* **YOUR OBJECTIVE**
Among the lines below, copy exactly those from the one with "by (intro sum.cong refl diag) simp" through the one with "P \<le> \<parallel>v_\<lambda>\<parallel> \<le> 1 is used.", counting both ends.
--------------------------------
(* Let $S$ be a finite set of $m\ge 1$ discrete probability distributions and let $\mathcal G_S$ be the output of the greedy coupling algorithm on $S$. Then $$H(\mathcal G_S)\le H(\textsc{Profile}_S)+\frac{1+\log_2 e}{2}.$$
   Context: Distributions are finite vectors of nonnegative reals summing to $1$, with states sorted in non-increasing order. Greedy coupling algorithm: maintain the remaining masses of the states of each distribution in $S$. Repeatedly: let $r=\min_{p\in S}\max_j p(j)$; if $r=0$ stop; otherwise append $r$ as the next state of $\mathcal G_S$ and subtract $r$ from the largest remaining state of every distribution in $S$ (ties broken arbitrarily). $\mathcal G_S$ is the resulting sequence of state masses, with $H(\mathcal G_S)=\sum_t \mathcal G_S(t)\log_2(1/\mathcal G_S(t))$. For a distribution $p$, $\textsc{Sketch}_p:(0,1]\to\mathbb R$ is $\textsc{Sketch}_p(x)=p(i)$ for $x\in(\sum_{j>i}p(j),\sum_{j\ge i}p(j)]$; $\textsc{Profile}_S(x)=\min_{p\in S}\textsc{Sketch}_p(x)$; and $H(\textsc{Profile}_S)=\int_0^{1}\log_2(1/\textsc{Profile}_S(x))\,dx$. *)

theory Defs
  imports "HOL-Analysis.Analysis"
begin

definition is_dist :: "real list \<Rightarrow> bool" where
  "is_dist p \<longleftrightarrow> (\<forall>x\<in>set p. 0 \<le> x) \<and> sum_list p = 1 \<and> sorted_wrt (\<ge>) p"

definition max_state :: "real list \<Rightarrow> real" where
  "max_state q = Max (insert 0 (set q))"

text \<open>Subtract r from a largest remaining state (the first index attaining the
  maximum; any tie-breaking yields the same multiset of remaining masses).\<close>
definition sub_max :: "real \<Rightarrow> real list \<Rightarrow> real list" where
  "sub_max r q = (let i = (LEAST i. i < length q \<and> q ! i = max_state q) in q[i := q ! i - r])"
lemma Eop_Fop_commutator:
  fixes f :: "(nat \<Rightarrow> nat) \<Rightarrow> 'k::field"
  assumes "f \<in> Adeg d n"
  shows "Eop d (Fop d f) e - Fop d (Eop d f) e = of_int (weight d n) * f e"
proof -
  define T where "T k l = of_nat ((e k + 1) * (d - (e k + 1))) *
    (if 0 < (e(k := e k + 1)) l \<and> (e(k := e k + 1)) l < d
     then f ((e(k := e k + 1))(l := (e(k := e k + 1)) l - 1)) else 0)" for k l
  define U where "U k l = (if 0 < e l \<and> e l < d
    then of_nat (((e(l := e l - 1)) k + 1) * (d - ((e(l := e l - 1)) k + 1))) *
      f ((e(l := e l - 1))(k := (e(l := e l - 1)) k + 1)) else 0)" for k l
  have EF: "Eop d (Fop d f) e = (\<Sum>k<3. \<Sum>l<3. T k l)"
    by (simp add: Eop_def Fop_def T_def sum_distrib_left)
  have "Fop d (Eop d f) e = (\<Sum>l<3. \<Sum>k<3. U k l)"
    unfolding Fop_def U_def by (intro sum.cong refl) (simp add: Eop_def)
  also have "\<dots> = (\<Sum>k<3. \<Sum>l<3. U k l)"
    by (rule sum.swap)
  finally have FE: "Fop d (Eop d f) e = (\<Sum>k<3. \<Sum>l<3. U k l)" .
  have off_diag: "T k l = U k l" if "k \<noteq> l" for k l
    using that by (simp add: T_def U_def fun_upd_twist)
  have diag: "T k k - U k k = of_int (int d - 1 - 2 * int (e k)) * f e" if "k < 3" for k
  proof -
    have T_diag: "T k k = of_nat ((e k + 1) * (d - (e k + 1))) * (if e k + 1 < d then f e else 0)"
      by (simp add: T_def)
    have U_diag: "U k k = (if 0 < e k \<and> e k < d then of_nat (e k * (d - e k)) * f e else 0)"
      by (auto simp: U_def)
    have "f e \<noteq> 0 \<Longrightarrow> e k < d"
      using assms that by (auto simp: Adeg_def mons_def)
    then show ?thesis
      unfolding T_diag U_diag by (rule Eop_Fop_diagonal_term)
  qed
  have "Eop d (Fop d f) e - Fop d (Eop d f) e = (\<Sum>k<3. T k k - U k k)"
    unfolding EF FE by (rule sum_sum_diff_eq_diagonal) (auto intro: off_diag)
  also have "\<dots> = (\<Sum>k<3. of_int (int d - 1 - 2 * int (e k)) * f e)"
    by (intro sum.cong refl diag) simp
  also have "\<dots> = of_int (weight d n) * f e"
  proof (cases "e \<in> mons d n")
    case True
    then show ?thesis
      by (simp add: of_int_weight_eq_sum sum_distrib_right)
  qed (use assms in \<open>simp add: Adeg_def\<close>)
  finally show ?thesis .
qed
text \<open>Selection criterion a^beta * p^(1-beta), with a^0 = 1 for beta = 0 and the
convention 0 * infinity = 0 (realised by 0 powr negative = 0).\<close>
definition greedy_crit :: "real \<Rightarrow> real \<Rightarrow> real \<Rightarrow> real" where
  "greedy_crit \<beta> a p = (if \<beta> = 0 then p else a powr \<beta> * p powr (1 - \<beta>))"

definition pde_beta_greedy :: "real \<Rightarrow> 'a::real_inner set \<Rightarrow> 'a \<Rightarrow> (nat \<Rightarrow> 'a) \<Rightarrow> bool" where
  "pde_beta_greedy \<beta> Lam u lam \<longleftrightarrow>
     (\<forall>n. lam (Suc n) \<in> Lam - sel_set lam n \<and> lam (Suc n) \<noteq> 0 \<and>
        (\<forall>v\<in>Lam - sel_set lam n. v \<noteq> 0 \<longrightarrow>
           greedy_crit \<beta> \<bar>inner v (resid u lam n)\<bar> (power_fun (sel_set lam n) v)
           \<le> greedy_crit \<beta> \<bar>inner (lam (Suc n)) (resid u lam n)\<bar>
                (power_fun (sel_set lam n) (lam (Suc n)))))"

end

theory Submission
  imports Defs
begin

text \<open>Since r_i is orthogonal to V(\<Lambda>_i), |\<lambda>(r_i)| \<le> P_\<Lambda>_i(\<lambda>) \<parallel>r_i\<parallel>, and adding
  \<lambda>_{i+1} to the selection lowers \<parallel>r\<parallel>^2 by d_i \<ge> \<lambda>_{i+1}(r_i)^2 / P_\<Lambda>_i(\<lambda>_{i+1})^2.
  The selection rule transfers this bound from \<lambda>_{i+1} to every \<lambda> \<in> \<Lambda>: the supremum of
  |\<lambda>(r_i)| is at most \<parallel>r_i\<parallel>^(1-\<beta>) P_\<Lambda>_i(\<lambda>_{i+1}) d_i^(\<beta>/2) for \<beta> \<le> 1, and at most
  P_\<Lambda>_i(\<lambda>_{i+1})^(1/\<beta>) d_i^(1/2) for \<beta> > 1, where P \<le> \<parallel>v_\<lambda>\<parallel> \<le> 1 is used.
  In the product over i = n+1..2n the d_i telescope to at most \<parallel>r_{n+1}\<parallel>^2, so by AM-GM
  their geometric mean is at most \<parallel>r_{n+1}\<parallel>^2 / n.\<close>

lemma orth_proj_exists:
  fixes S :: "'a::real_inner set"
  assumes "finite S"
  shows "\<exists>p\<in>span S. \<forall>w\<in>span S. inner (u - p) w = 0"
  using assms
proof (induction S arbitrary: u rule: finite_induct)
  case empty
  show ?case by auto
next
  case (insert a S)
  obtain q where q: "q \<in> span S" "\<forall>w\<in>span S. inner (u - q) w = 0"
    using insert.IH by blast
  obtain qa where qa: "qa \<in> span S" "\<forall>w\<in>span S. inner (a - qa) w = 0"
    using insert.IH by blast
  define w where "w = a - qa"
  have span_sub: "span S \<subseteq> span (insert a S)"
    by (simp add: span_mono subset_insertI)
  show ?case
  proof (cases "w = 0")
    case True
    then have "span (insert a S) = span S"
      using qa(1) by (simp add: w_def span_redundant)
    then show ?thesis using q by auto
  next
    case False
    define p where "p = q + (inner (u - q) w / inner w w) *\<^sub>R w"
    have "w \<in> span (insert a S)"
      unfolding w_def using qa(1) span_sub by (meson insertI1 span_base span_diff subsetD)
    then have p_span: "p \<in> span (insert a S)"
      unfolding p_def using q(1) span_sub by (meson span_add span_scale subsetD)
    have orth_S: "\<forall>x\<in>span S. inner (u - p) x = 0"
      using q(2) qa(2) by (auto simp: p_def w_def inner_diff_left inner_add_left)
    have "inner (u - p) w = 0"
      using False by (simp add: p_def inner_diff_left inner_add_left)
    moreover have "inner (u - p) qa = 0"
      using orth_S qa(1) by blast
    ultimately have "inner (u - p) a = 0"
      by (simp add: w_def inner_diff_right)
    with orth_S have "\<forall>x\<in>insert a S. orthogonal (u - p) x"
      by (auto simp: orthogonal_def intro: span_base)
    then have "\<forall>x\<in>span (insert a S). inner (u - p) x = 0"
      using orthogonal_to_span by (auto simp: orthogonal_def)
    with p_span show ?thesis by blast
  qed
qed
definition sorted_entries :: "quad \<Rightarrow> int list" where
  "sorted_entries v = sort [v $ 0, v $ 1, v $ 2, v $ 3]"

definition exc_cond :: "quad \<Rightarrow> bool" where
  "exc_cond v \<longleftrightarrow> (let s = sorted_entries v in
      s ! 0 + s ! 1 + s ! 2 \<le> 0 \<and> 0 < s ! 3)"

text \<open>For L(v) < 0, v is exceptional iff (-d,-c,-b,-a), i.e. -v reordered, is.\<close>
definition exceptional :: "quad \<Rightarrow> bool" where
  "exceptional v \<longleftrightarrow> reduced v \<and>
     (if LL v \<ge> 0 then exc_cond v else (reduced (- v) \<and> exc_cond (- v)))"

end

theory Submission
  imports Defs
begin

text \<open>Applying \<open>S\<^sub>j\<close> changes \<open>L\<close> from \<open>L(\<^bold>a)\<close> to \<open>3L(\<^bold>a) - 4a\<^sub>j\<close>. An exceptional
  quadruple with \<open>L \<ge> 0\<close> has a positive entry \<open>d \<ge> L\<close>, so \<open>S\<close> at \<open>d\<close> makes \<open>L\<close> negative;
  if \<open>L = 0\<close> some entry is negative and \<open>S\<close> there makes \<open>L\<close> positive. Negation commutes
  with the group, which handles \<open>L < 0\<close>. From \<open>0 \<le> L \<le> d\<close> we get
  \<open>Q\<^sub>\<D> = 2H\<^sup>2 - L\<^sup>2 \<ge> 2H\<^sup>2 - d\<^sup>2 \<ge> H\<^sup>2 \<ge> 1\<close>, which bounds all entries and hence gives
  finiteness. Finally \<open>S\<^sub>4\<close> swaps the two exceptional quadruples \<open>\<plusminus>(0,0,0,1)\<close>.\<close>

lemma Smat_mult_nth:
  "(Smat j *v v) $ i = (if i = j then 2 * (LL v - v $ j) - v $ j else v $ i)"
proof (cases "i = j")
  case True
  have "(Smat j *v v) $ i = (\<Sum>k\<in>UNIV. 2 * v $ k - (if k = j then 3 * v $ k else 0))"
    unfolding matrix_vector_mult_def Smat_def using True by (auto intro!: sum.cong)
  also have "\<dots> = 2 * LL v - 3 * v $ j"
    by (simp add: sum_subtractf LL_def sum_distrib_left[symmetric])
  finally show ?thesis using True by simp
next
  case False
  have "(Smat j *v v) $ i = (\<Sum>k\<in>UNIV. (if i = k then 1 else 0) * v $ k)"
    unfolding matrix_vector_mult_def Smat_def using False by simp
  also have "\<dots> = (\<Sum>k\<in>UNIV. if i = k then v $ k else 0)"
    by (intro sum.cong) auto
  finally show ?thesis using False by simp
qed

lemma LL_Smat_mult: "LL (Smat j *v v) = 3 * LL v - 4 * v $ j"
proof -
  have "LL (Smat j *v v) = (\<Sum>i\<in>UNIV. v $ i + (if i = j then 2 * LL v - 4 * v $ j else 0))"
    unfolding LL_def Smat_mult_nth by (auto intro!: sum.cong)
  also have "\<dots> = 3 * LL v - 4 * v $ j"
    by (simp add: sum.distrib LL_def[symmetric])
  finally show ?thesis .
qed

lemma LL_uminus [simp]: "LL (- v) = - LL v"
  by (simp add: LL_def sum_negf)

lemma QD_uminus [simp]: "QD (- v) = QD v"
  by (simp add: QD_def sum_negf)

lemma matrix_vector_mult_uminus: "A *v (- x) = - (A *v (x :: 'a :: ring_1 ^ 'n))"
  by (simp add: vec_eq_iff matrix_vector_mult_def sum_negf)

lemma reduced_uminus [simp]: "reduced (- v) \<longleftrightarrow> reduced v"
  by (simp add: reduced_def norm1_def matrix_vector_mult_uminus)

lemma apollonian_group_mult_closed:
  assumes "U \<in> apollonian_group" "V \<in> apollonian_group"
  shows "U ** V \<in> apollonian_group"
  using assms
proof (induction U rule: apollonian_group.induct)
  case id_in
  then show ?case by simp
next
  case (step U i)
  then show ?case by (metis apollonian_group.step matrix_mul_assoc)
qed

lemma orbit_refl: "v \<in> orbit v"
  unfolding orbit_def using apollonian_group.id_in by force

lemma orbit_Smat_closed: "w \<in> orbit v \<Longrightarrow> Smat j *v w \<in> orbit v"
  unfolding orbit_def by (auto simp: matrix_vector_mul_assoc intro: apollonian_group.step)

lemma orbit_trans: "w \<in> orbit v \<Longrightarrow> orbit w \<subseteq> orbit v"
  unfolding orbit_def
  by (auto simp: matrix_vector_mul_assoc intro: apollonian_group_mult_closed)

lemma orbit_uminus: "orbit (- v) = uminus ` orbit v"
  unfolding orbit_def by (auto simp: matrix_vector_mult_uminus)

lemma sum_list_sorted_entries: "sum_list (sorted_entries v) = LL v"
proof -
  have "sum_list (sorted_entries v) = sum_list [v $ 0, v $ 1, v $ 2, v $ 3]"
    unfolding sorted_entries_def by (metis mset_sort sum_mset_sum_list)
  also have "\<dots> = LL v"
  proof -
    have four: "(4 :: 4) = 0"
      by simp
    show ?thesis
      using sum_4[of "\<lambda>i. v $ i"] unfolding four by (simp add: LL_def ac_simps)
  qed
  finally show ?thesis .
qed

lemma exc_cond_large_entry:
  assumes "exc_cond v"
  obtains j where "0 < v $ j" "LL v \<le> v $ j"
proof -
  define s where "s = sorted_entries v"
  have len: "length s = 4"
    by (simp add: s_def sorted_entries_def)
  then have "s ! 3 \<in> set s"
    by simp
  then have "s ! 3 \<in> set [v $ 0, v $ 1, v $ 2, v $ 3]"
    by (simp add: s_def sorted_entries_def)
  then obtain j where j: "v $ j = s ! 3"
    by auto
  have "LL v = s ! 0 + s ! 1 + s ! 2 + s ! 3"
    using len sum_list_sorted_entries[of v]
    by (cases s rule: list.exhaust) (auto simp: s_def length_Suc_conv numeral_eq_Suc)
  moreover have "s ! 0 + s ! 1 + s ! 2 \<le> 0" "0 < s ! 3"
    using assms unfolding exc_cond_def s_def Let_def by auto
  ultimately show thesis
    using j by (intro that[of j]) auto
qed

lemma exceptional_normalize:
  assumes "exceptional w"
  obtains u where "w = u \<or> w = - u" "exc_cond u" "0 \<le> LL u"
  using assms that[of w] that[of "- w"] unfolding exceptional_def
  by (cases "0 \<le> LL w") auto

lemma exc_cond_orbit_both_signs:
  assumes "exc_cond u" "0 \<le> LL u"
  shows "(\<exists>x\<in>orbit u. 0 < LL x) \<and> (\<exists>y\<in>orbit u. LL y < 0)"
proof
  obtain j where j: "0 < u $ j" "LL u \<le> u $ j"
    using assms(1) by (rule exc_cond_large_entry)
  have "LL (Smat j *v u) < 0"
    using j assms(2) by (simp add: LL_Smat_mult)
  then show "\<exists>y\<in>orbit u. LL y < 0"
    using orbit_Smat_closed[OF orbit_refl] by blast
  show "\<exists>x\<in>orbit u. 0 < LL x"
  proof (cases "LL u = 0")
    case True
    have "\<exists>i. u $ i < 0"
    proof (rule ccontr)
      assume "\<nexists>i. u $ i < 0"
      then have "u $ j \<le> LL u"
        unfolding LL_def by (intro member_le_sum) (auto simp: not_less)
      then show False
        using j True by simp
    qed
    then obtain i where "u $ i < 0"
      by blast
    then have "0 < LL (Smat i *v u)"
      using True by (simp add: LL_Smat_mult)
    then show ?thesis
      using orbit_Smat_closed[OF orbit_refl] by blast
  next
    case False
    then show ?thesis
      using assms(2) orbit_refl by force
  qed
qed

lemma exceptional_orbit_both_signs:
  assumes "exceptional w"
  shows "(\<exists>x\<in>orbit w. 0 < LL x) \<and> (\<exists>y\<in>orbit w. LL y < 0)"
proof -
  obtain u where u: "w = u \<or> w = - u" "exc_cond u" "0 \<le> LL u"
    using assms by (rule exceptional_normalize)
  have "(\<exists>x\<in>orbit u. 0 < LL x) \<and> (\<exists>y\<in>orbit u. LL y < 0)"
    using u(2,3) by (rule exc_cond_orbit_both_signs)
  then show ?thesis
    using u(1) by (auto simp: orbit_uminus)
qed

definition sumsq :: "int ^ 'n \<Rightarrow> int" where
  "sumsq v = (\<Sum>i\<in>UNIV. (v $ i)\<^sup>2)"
--------------------------------
* **WRITTEN RESPONSE**
    by (intro sum.cong refl diag) simp
  also have "\<dots> = of_int (weight d n) * f e"
  proof (cases "e \<in> mons d n")
    case True
    then show ?thesis
      by (simp add: of_int_weight_eq_sum sum_distrib_right)
  qed (use assms in \<open>simp add: Adeg_def\<close>)
  finally show ?thesis .
qed
text \<open>Selection criterion a^beta * p^(1-beta), with a^0 = 1 for beta = 0 and the
convention 0 * infinity = 0 (realised by 0 powr negative = 0).\<close>
definition greedy_crit :: "real \<Rightarrow> real \<Rightarrow> real \<Rightarrow> real" where
  "greedy_crit \<beta> a p = (if \<beta> = 0 then p else a powr \<beta> * p powr (1 - \<beta>))"

definition pde_beta_greedy :: "real \<Rightarrow> 'a::real_inner set \<Rightarrow> 'a \<Rightarrow> (nat \<Rightarrow> 'a) \<Rightarrow> bool" where
  "pde_beta_greedy \<beta> Lam u lam \<longleftrightarrow>
     (\<forall>n. lam (Suc n) \<in> Lam - sel_set lam n \<and> lam (Suc n) \<noteq> 0 \<and>
        (\<forall>v\<in>Lam - sel_set lam n. v \<noteq> 0 \<longrightarrow>
           greedy_crit \<beta> \<bar>inner v (resid u lam n)\<bar> (power_fun (sel_set lam n) v)
           \<le> greedy_crit \<beta> \<bar>inner (lam (Suc n)) (resid u lam n)\<bar>
                (power_fun (sel_set lam n) (lam (Suc n)))))"

end

theory Submission
  imports Defs
begin

text \<open>Since r_i is orthogonal to V(\<Lambda>_i), |\<lambda>(r_i)| \<le> P_\<Lambda>_i(\<lambda>) \<parallel>r_i\<parallel>, and adding
  \<lambda>_{i+1} to the selection lowers \<parallel>r\<parallel>^2 by d_i \<ge> \<lambda>_{i+1}(r_i)^2 / P_\<Lambda>_i(\<lambda>_{i+1})^2.
  The selection rule transfers this bound from \<lambda>_{i+1} to every \<lambda> \<in> \<Lambda>: the supremum of
  |\<lambda>(r_i)| is at most \<parallel>r_i\<parallel>^(1-\<beta>) P_\<Lambda>_i(\<lambda>_{i+1}) d_i^(\<beta>/2) for \<beta> \<le> 1, and at most
  P_\<Lambda>_i(\<lambda>_{i+1})^(1/\<beta>) d_i^(1/2) for \<beta> > 1, where P \<le> \<parallel>v_\<lambda>\<parallel> \<le> 1 is used.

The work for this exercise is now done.